野島家の駐車場で自殺未遂をした鏡子が、救急車で運ばれる所からのスタートです。

野島社長は救命医に事情を聞かれても他人のフリをし、豊樹にもそれを誘導して知らんふりをさせます。社長は鏡子の遺書をちゃっかり懐に忍ばせているのが抜け目ないですね。その遺書を豊樹に渡し燃やすように言いますが結局は燃やさず、豊樹が寝てる間に富貴子に遺書を取られてしまいます。遺書の内容は鏡子からの豊樹に対する一方的な思いから自殺するものだったので、それを読んだ富貴子は鏡子に憎悪を募らせ彼女が入院してる病院に行きます。

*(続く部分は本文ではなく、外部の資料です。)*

lemma countable_closing_off:
  assumes "countable Y0" "Y0 \<subseteq> I" and approx: "approximable_on A g I"
    and supp: "\<And>f. f \<in> A \<Longrightarrow> countable {x \<in> I. f x \<noteq> f p}"
  obtains Y A' where "countable Y" "Y0 \<subseteq> Y" "Y \<subseteq> I" "A' \<subseteq> A"
    "\<forall>f\<in>A'. \<forall>x\<in>I - Y. f x = f p" "approximable_on A' g Y"
proof -
  have "\<exists>A'. countable Y \<and> Y \<subseteq> I \<longrightarrow>
          A' \<subseteq> A \<and> countable A' \<and> approximable_on A' g Y" for Y
  proof (cases "countable Y \<and> Y \<subseteq> I")
    case True
    then have "approximable_on A g Y"
      using approximable_on_subset[OF approx order_refl] by blast
    then obtain A' where "A' \<subseteq> A" "countable A'" "approximable_on A' g Y"
      using approximable_on_countable_subfamily True by blast
    then show ?thesis
      by blast
  qed blast
  then obtain next_family where next_family:
    "\<And>Y. countable Y \<Longrightarrow> Y \<subseteq> I \<Longrightarrow> next_family Y \<subseteq> A \<and> countable (next_family Y) \<and>
       approximable_on (next_family Y) g Y"
    by metis
  define step where "step Y = Y \<union> (\<Union>f\<in>next_family Y. {x \<in> I. f x \<noteq> f p})" for Y
  define Ys where "Ys n = (step ^^ n) Y0" for n
  have Ys: "countable (Ys n) \<and> Ys n \<subseteq> I" for n
  proof (induction n)
    case 0
    then show ?case
      using assms(1,2) by (simp add: Ys_def)
  next
    case (Suc n)
    then have "next_family (Ys n) \<subseteq> A" "countable (next_family (Ys n))"
      using next_family by blast+
    then have "countable (\<Union>f\<in>next_family (Ys n). {x \<in> I. f x \<noteq> f p})"
      using supp by (intro countable_UN) auto
    then show ?case
      using Suc by (auto simp: Ys_def step_def)
  qed
  have "incseq Ys"
    by (rule incseq_SucI) (simp add: Ys_def step_def)
  define Y where "Y = (\<Union>n. Ys n)"
  define A' where "A' = (\<Union>n. next_family (Ys n))"
  show thesis
  proof
    show "countable Y"
      using Ys by (simp add: Y_def)
    show "Y0 \<subseteq> Y"
      using Ys_def Y_def by (metis UN_upper UNIV_I funpow_0)
    show "Y \<subseteq> I"
      using Ys by (auto simp: Y_def)
    show "A' \<subseteq> A"
      using Ys next_family unfolding A'_def by blast
  next
    show "\<forall>f\<in>A'. \<forall>x\<in>I - Y. f x = f p"
    proof (intro ballI)
      fix f x assume "f \<in> A'" "x \<in> I - Y"
      then obtain n where "f \<in> next_family (Ys n)" "x \<notin> Ys (Suc n)"
        by (auto simp: A'_def Y_def)
      then show "f x = f p"
        using \<open>x \<in> I - Y\<close> by (auto simp: Ys_def step_def)
    qed
  next
    show "approximable_on A' g Y"
      unfolding approximable_on_def
    proof (intro allI impI)
      fix F and e :: real assume F: "finite F \<and> F \<subseteq> Y \<and> e > 0"
      then have "finite F" "F \<subseteq> (\<Union>n. Ys n)"
        by (simp_all add: Y_def)
      then obtain n where "F \<subseteq> Ys n"
        by (rule finite_subset_Union_incseq[OF \<open>incseq Ys\<close>])
      moreover have "approximable_on (next_family (Ys n)) g (Ys n)"
        using next_family Ys by blast
      ultimately obtain f where "f \<in> next_family (Ys n)" "\<forall>x\<in>F. \<bar>f x - g x\<bar> < e"
        using \<open>finite F\<close> F unfolding approximable_on_def by blast
      then show "\<exists>f\<in>A'. \<forall>x\<in>F. \<bar>f x - g x\<bar> < e"
        by (auto simp: A'_def)
    qed
  qed
qed
lemma block_cells_cn: "block_cells n (cn n lam) j = nth_default 0 lam j"
proof -
  obtain m where cn: "cn n lam = map (block_cells n lam) [0..<m]"
    and nonzero: "\<And>i. block_cells n lam i \<noteq> 0 \<longleftrightarrow> i < m"
    using cn_eq_map_block_cells[OF n_pos] by blast
  have "nth_default 0 lam j \<le> m * n"
  proof (cases "j < length lam")
    case True
    have "Max (insert 0 (set lam)) \<le> m * n"
      using nonzero[of m] block_cells_eq_0_iff[OF n_pos] by blast
    then show ?thesis using True by (simp add: nth_default_nth)
  qed (simp add: nth_default_beyond)
  have "block_cells n (cn n lam) j = (\<Sum>i<m. min n (nth_default 0 lam j - i * n))"
    unfolding cn block_cells_map_upt min_block_cells_sub_mult ..
  also have "\<dots> = nth_default 0 lam j"
    using sum_min_sub_mult \<open>nth_default 0 lam j \<le> m * n\<close> by (simp add: min_absorb1)
  finally show ?thesis .
qed

lemma cn_cn: "cn n (cn n lam) = lam"
proof -
  obtain m where cn: "cn n (cn n lam) = map (block_cells n (cn n lam)) [0..<m]"
    and nonzero: "\<And>i. block_cells n (cn n lam) i \<noteq> 0 \<longleftrightarrow> i < m"
    using cn_eq_map_block_cells[OF n_pos] by blast
  have "lam ! i \<noteq> 0" if "i < length lam" for i
    using positive nth_mem[OF that] by metis
  then have "i < m \<longleftrightarrow> i < length lam" for i
    using nonzero[of i] block_cells_cn[of i]
    by (cases "i < length lam") (auto simp: nth_default_nth nth_default_beyond)
  from this[of m] this[of "length lam"] have "m = length lam" by linarith
  then show ?thesis
    unfolding cn block_cells_cn by (intro nth_equalityI) (simp_all add: nth_default_nth)
qed

end

lemma between_multiples_iff:
  fixes x k n :: nat
  assumes "n > 0"
  shows "k * n < x \<and> x < (k + 1) * n \<longleftrightarrow> x div n = k \<and> x mod n \<noteq> 0"
proof
  assume between: "k * n < x \<and> x < (k + 1) * n"
  then have "x div n = k" by (intro div_nat_eqI) (auto simp: mult.commute)
  moreover have "x mod n \<noteq> 0"
    using between div_mult_mod_eq[of x n] \<open>x div n = k\<close> by auto
  ultimately show "x div n = k \<and> x mod n \<noteq> 0" by simp
next
  assume "x div n = k \<and> x mod n \<noteq> 0"
  moreover have "x = x div n * n + x mod n" "x mod n < n" using assms by simp_all
  ultimately show "k * n < x \<and> x < (k + 1) * n" by simp
qed

lemma at_most_one_part_between_multiples_iff:
  fixes n :: nat
  assumes "n > 0"
  shows "(\<forall>k. card {i. i < length lam \<and> k * n < lam ! i \<and> lam ! i < (k + 1) * n} \<le> 1) \<longleftrightarrow>
    (\<forall>t<length lam. \<forall>s<length lam. lam ! t div n = lam ! s div n \<longrightarrow>
      lam ! t mod n \<noteq> 0 \<longrightarrow> lam ! s mod n \<noteq> 0 \<longrightarrow> t = s)"
proof -
  have "{i. i < length lam \<and> k * n < lam ! i \<and> lam ! i < (k + 1) * n} =
      {i. i < length lam \<and> lam ! i div n = k \<and> lam ! i mod n \<noteq> 0}" for k
    using between_multiples_iff[OF assms] by blast
  then show ?thesis by (auto simp: card_le_Suc0_iff_eq)
qed

theorem mainTheorem2:
  fixes n :: nat and lam :: "nat list"
  assumes "n > 0" and "is_partition lam"
  shows "cn n (cn n lam) = lam \<longleftrightarrow>
    (\<forall>k::nat. card {i. i < length lam \<and> k * n < lam ! i \<and> lam ! i < (k + 1) * n} \<le> 1)"
  unfolding at_most_one_part_between_multiples_iff[OF assms(1)]
proof (intro iffI allI impI)
  fix t s
  assume "cn n (cn n lam) = lam" "t < length lam" "s < length lam" "lam ! t div n = lam ! s div n"
    "lam ! t mod n \<noteq> 0" "lam ! s mod n \<noteq> 0"
  then show "t = s" using cn_cn_neq_if_nondivisible_parts_share_quotient[OF assms(1)] by blast
next
  assume "\<forall>t<length lam. \<forall>s<length lam. lam ! t div n = lam ! s div n \<longrightarrow>
    lam ! t mod n \<noteq> 0 \<longrightarrow> lam ! s mod n \<noteq> 0 \<longrightarrow> t = s"
  then interpret separated_partition n lam
    using assms unfolding is_partition_def by unfold_locales blast+
  show "cn n (cn n lam) = lam" by (rule cn_cn)
qed

end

このストーリーが悪い方向へ向かっていく負の連鎖に中島御大の脚本の凄みを感じますね。ちょっとした事から連想ゲーム的に話が進んで行き、その結果大惨事になる。一見穏やかそうに見える富貴子ですら、憎悪が燃え上ったら周辺の人に「鏡子に死ねばよかったのに」と言い出し、入院して弱ってる本人の前で今までの恨み辛みをぶちまける。嫉妬、憎悪、歪んだ愛情で人間が別人のように変わってしまうのは恐ろしいものがあり、それがたった1話の中で起きてしまう。その心の移り変わりをかも自然であるかのように視聴者にすんなりと見せてしまうドラマ制作陣の手腕にただただ関心するしかないです。

 

幸せいっぱいで結婚し子供に恵まれた豊樹夫妻。一方で豊樹に捨てられ、野島家とその関係者から邪魔者扱いで罵詈雑言、精神的に追い詰められ自殺未遂するもののその落とし前をまたつけさせられる鏡子。この三角関係からの対比は1話から提示されていますが、7話で頂点に達したと言っていいでしょう。

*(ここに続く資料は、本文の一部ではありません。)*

(* Let $I_1,I_2,J$ be intervals of $B$. Suppose $I_1$ and $I_2$ are of the same type, and $J$ is not of the same type as $I_1$ nor as $I_2$. Then every composition of morphisms $k_{I_1}\to k_J\to k_{I_2}$ is zero.
   Context: Let $k$ be a field. The bipath poset $B$ has underlying set $(\mathbb{R}\times\{1,2\})\sqcup\{-\infty,+\infty\}$. Its order is: $x\le y$ iff $x=-\infty$, or $y=+\infty$, or $x=(s,i)$, $y=(t,i)$ with the same $i$ and $s\le t$. $B$-persistence modules are functors from $B$ (as a category) to $k$-vector spaces, with morphisms the natural transformations. An interval of $B$ is a nonempty convex and connected subset (convex: $p,q\in I$, $p\le r\le q$ imply $r\in I$; connected: any two elements are joined by a finite sequence in $I$ with consecutive ones comparable). The interval module $k_I$ is $k$ on $I$ and $0$ elsewhere, with identity maps within $I$ and zero maps otherwise. The types of intervals are: - $\mathcal{U}$: intervals contained in $\mathbb{R}\times\{1\}$; - $\mathcal{D}$: intervals contained in $\mathbb{R}\times\{2\}$; - $\mathcal{B}=\{B\}$; - $\mathcal{L}$: intervals $\neq B$ containing $-\infty$; - $\mathcal{R}$: intervals $\neq B$ containing $+\infty$. Two intervals are of the same type if they lie in the same one of these five sets. *)

theory Defs
  imports Complex_Main
begin

text \<open>Points: NegInf (= -infinity), PosInf (= +infinity), and P s i for (s,i) in R x {1,2};
  the second component is encoded as a boolean: True for 1, False for 2.\<close>

datatype bpt = NegInf | PosInf | P real bool

fun ble :: "bpt \<Rightarrow> bpt \<Rightarrow> bool" where
  "ble NegInf y = True"
| "ble x PosInf = True"
| "ble (P s i) (P t j) = (i = j \<and> s \<le> t)"
| "ble _ _ = False"

definition convex_B :: "bpt set \<Rightarrow> bool" where
  "convex_B I \<longleftrightarrow> (\<forall>p q r. p \<in> I \<longrightarrow> q \<in> I \<longrightarrow> ble p r \<longrightarrow> ble r q \<longrightarrow> r \<in> I)"

definition connected_B :: "bpt set \<Rightarrow> bool" where
  "connected_B I \<longleftrightarrow> (\<forall>p\<in>I. \<forall>q\<in>I.
      (\<lambda>a b. a \<in> I \<and> b \<in> I \<and> (ble a b \<or> ble b a))\<^sup>*\<^sup>* p q)"

definition interval_B :: "bpt set \<Rightarrow> bool" where
  "interval_B I \<longleftrightarrow> I \<noteq> {} \<and> convex_B I \<and> connected_B I"

definition typeU :: "bpt set \<Rightarrow> bool" where
  "typeU I \<longleftrightarrow> interval_B I \<and> I \<subseteq> {P s True | s. True}"
definition typeD :: "bpt set \<Rightarrow> bool" where
  "typeD I \<longleftrightarrow> interval_B I \<and> I \<subseteq> {P s False | s. True}"
definition typeB :: "bpt set \<Rightarrow> bool" where
  "typeB I \<longleftrightarrow> I = UNIV"
definition typeL :: "bpt set \<Rightarrow> bool" where
  "typeL I \<longleftrightarrow> interval_B I \<and> I \<noteq> UNIV \<and> NegInf \<in> I"
definition typeR :: "bpt set \<Rightarrow> bool" where
  "typeR I \<longleftrightarrow> interval_B I \<and> I \<noteq> UNIV \<and> PosInf \<in> I"

definition same_type :: "bpt set \<Rightarrow> bpt set \<Rightarrow> bool" where
  "same_type I J \<longleftrightarrow> (typeU I \<and> typeU J) \<or> (typeD I \<and> typeD J) \<or> (typeB I \<and> typeB J)
     \<or> (typeL I \<and> typeL J) \<or> (typeR I \<and> typeR J)"

text \<open>The interval module k_I: at x the space is k (as a k-vector space) if x in I, and
  the zero subspace {0} of k otherwise; the structure map for x <= y is the identity if
  x, y in I and zero otherwise.\<close>

definition ival_space :: "bpt set \<Rightarrow> bpt \<Rightarrow> 'k::field set" where
  "ival_space I x = (if x \<in> I then UNIV else {0})"

definition ival_map :: "bpt set \<Rightarrow> bpt \<Rightarrow> bpt \<Rightarrow> 'k::field \<Rightarrow> 'k" where
  "ival_map I x y = (if x \<in> I \<and> y \<in> I then id else (\<lambda>_. 0))"

definition ival_morphism :: "bpt set \<Rightarrow> bpt set \<Rightarrow> (bpt \<Rightarrow> 'k::field \<Rightarrow> 'k) \<Rightarrow> bool" where
  "ival_morphism I J f \<longleftrightarrow>
     (\<forall>x. (\<forall>v \<in> ival_space I x. f x v \<in> ival_space J x)
        \<and> (\<forall>v \<in> ival_space I x. \<forall>w \<in> ival_space I x. f x (v + w) = f x v + f x w)
        \<and> (\<forall>a. \<forall>v \<in> ival_space I x. f x (a * v) = a * f x v))
   \<and> (\<forall>x y. ble x y \<longrightarrow> (\<forall>v \<in> ival_space I x.
        f y (ival_map I x y v) = ival_map J x y (f x v)))"

definition comp_is_zero :: "bpt set \<Rightarrow> (bpt \<Rightarrow> 'k::field \<Rightarrow> 'k) \<Rightarrow> (bpt \<Rightarrow> 'k \<Rightarrow> 'k) \<Rightarrow> bool" where
  "comp_is_zero I f g \<longleftrightarrow> (\<forall>x. \<forall>v \<in> ival_space I x. g x (f x v) = 0)"

end

theory Submission
  imports Defs
begin

text \<open>The type of an interval is determined by which of \<open>-\<infinity>\<close>, \<open>+\<infinity>\<close> it contains, together
  with any one of its points (which fixes the line when it contains neither). A morphism
  \<open>k\<^sub>I \<rightarrow> k\<^sub>J\<close> that is nonzero at a common point \<open>x\<close> forces \<open>I\<close> to contain every
  point of \<open>J\<close> above \<open>x\<close> and \<open>J\<close> every point of \<open>I\<close> below \<open>x\<close>; applied to \<open>\<plusminus>\<infinity>\<close>, which
  are comparable with everything, this says \<open>+\<infinity> \<in> J \<Longrightarrow> +\<infinity> \<in> I\<close> and
  \<open>-\<infinity> \<in> I \<Longrightarrow> -\<infinity> \<in> J\<close>. For a nonzero composite \<open>k\<^sub>I\<^sub>1 \<rightarrow> k\<^sub>J \<rightarrow> k\<^sub>I\<^sub>2\<close> these
  inclusions close up into a cycle through \<open>I\<^sub>1\<close> and \<open>I\<^sub>2\<close>, which contain the same
  infinities, so \<open>J\<close> contains the same infinities as \<open>I\<^sub>1\<close> and has its type.\<close>

lemma ble_NegInf: "ble NegInf x"
  by simp

lemma ble_PosInf: "ble x PosInf"
  by (cases x) auto

lemma nonzero_in_ival_space_imp_mem:
  "v \<in> ival_space I x \<Longrightarrow> v \<noteq> 0 \<Longrightarrow> x \<in> I"
  by (auto simp: ival_space_def split: if_splits)

lemma ival_morphism_in_space:
  "ival_morphism I J f \<Longrightarrow> v \<in> ival_space I x \<Longrightarrow> f x v \<in> ival_space J x"
  unfolding ival_morphism_def by blast

lemma ival_morphism_zero:
  assumes "ival_morphism I J f"
  shows "f x 0 = 0"
proof -
  have "0 \<in> ival_space I x"
    by (simp add: ival_space_def)
  then have "f x (0 * 0) = 0 * f x 0"
    using assms unfolding ival_morphism_def by blast
  then show ?thesis by simp
qed

lemma ival_morphism_natural:
  "ival_morphism I J f \<Longrightarrow> ble x y \<Longrightarrow> v \<in> ival_space I x
    \<Longrightarrow> f y (ival_map I x y v) = ival_map J x y (f x v)"
  unfolding ival_morphism_def by blast

lemma ival_morphism_vanishes_if_target_exceeds_above:
  assumes f: "ival_morphism I J f" and "x \<in> I" "x \<in> J" "ble x y" "y \<in> J" "y \<notin> I"
  shows "f x v = 0"
proof -
  have "f y (ival_map I x y v) = ival_map J x y (f x v)"
    using ival_morphism_natural[OF f] assms by (simp add: ival_space_def)
  then show ?thesis
    using assms by (simp add: ival_map_def ival_morphism_zero[OF f])
qed

lemma ival_morphism_vanishes_if_source_exceeds_below:
  assumes f: "ival_morphism I J f" and "x \<in> I" "ble y x" "y \<in> I" "y \<notin> J"
  shows "f x v = 0"
proof -
  have "f x (ival_map I y x v) = ival_map J y x (f y v)"
    using ival_morphism_natural[OF f] assms by (simp add: ival_space_def)
  then show ?thesis
    using assms by (simp add: ival_map_def)
qed

lemma ival_morphism_nonzero_imp_infinities:
  assumes "ival_morphism I J f" "x \<in> I" "x \<in> J" "f x v \<noteq> 0"
  shows "PosInf \<in> J \<longrightarrow> PosInf \<in> I" and "NegInf \<in> I \<longrightarrow> NegInf \<in> J"
  using ival_morphism_vanishes_if_target_exceeds_above[OF assms(1-3) ble_PosInf]
    ival_morphism_vanishes_if_source_exceeds_below[OF assms(1,2) ble_NegInf] assms(4)
  by blast+

lemma interval_B_with_both_infinities:
  assumes "interval_B I" "NegInf \<in> I" "PosInf \<in> I"
  shows "I = UNIV"
proof -
  have "r \<in> I" for r
    using assms ble_NegInf[of r] ble_PosInf[of r] unfolding interval_B_def convex_B_def
    by blast
  then show ?thesis by blast
qed

lemma comparability_chain_stays_on_line:
  assumes "(\<lambda>a b. a \<in> I \<and> b \<in> I \<and> (ble a b \<or> ble b a))\<^sup>*\<^sup>* (P s i) q"
    and "NegInf \<notin> I" "PosInf \<notin> I"
  shows "\<exists>t. q = P t i"
  using assms(1)
proof (induction rule: rtranclp_induct)
  case base
  then show ?case by blast
next
  case (step y z)
  then obtain t where "y = P t i" by blast
  with step.hyps(2) assms(2,3) show ?case by (cases z) auto
qed

lemma interval_B_without_infinities_on_line:
  assumes "interval_B I" "NegInf \<notin> I" "PosInf \<notin> I" "P s i \<in> I"
  shows "I \<subseteq> {P t i | t. True}"
  using assms comparability_chain_stays_on_line[of I s i]
  unfolding interval_B_def connected_B_def by blast

lemma same_type_if_common_point_and_infinities:
  assumes "interval_B I" "interval_B J" "x \<in> I" "x \<in> J"
    and "NegInf \<in> I \<longleftrightarrow> NegInf \<in> J" "PosInf \<in> I \<longleftrightarrow> PosInf \<in> J"
  shows "same_type I J"
proof -
  consider "NegInf \<in> I" "PosInf \<in> I" | "NegInf \<in> I" "PosInf \<notin> I"
    | "NegInf \<notin> I" "PosInf \<in> I" | "NegInf \<notin> I" "PosInf \<notin> I"
    by blast
  then show ?thesis
  proof cases
    case 1
    then show ?thesis
      using assms interval_B_with_both_infinities unfolding same_type_def typeB_def by metis
  next
    case 2
    then show ?thesis using assms unfolding same_type_def typeL_def by auto
  next
    case 3
    then show ?thesis using assms unfolding same_type_def typeR_def by auto
  next
    case 4
    then obtain s i where x: "x = P s i" using assms by (cases x) auto
    have "I \<subseteq> {P t i | t. True}" "J \<subseteq> {P t i | t. True}"
      using 4 assms interval_B_without_infinities_on_line unfolding x by metis+
    then show ?thesis
      using assms by (cases i) (auto simp: same_type_def typeU_def typeD_def)
  qed
qed

lemma same_type_imp_same_infinities:
  assumes "same_type I J"
  shows "NegInf \<in> I \<longleftrightarrow> NegInf \<in> J" and "PosInf \<in> I \<longleftrightarrow> PosInf \<in> J"
  using assms
  unfolding same_type_def typeU_def typeD_def typeB_def typeL_def typeR_def
  by (auto dest: interval_B_with_both_infinities)

theorem corollary4p5:
  fixes I1 I2 J :: "bpt set"
    and f :: "bpt \<Rightarrow> 'k::field \<Rightarrow> 'k" and g :: "bpt \<Rightarrow> 'k \<Rightarrow> 'k"
  assumes "interval_B I1" and "interval_B I2" and "interval_B J"
    and "same_type I1 I2"
    and "\<not> same_type J I1" and "\<not> same_type J I2"
    and "ival_morphism I1 J f" and "ival_morphism J I2 g"
  shows "comp_is_zero I1 f g"
  unfolding comp_is_zero_def
proof (intro allI ballI, rule ccontr)
  fix x v
  assume v: "v \<in> ival_space I1 x" and gfv: "g x (f x v) \<noteq> 0"
  have fv: "f x v \<noteq> 0"
    using gfv ival_morphism_zero[OF assms(8)] by metis
  have "v \<noteq> 0"
    using fv ival_morphism_zero[OF assms(7)] by metis
  have fv_space: "f x v \<in> ival_space J x"
    using ival_morphism_in_space[OF assms(7) v] .
  have "x \<in> I1" "x \<in> J" "x \<in> I2"
    using nonzero_in_ival_space_imp_mem[OF v \<open>v \<noteq> 0\<close>]
      nonzero_in_ival_space_imp_mem[OF fv_space fv]
      nonzero_in_ival_space_imp_mem[OF ival_morphism_in_space[OF assms(8) fv_space] gfv]
    by blast+
  note f_inf = ival_morphism_nonzero_imp_infinities[OF assms(7) \<open>x \<in> I1\<close> \<open>x \<in> J\<close> fv]
  note g_inf = ival_morphism_nonzero_imp_infinities[OF assms(8) \<open>x \<in> J\<close> \<open>x \<in> I2\<close> gfv]
  have "NegInf \<in> J \<longleftrightarrow> NegInf \<in> I1" "PosInf \<in> J \<longleftrightarrow> PosInf \<in> I1"
    using f_inf g_inf same_type_imp_same_infinities[OF assms(4)] by blast+
  then have "same_type J I1"
    by (rule same_type_if_common_point_and_infinities[OF assms(3,1) \<open>x \<in> J\<close> \<open>x \<in> I1\<close>])
  with assms(5) show False ..
qed

end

次回予告では豊樹夫妻の子供が盗まれてしまう事が提示されます。富貴子は建設会社の娘で金持ちで、何不自由なく暮らし、仕事が出来る豊樹と結婚してその男の子供を産み、女としてこれ以上ない幸せを手にするような過程を1話から丁寧に描かれましたが、ここで腹を痛めて産んだ子供を奪われて一気に地獄に落とされます。この7話分の話は富貴子を一気にどん底に落とすための前フリだったかと思うと、中島御大のストーリー構成の凄まじさに脱帽です。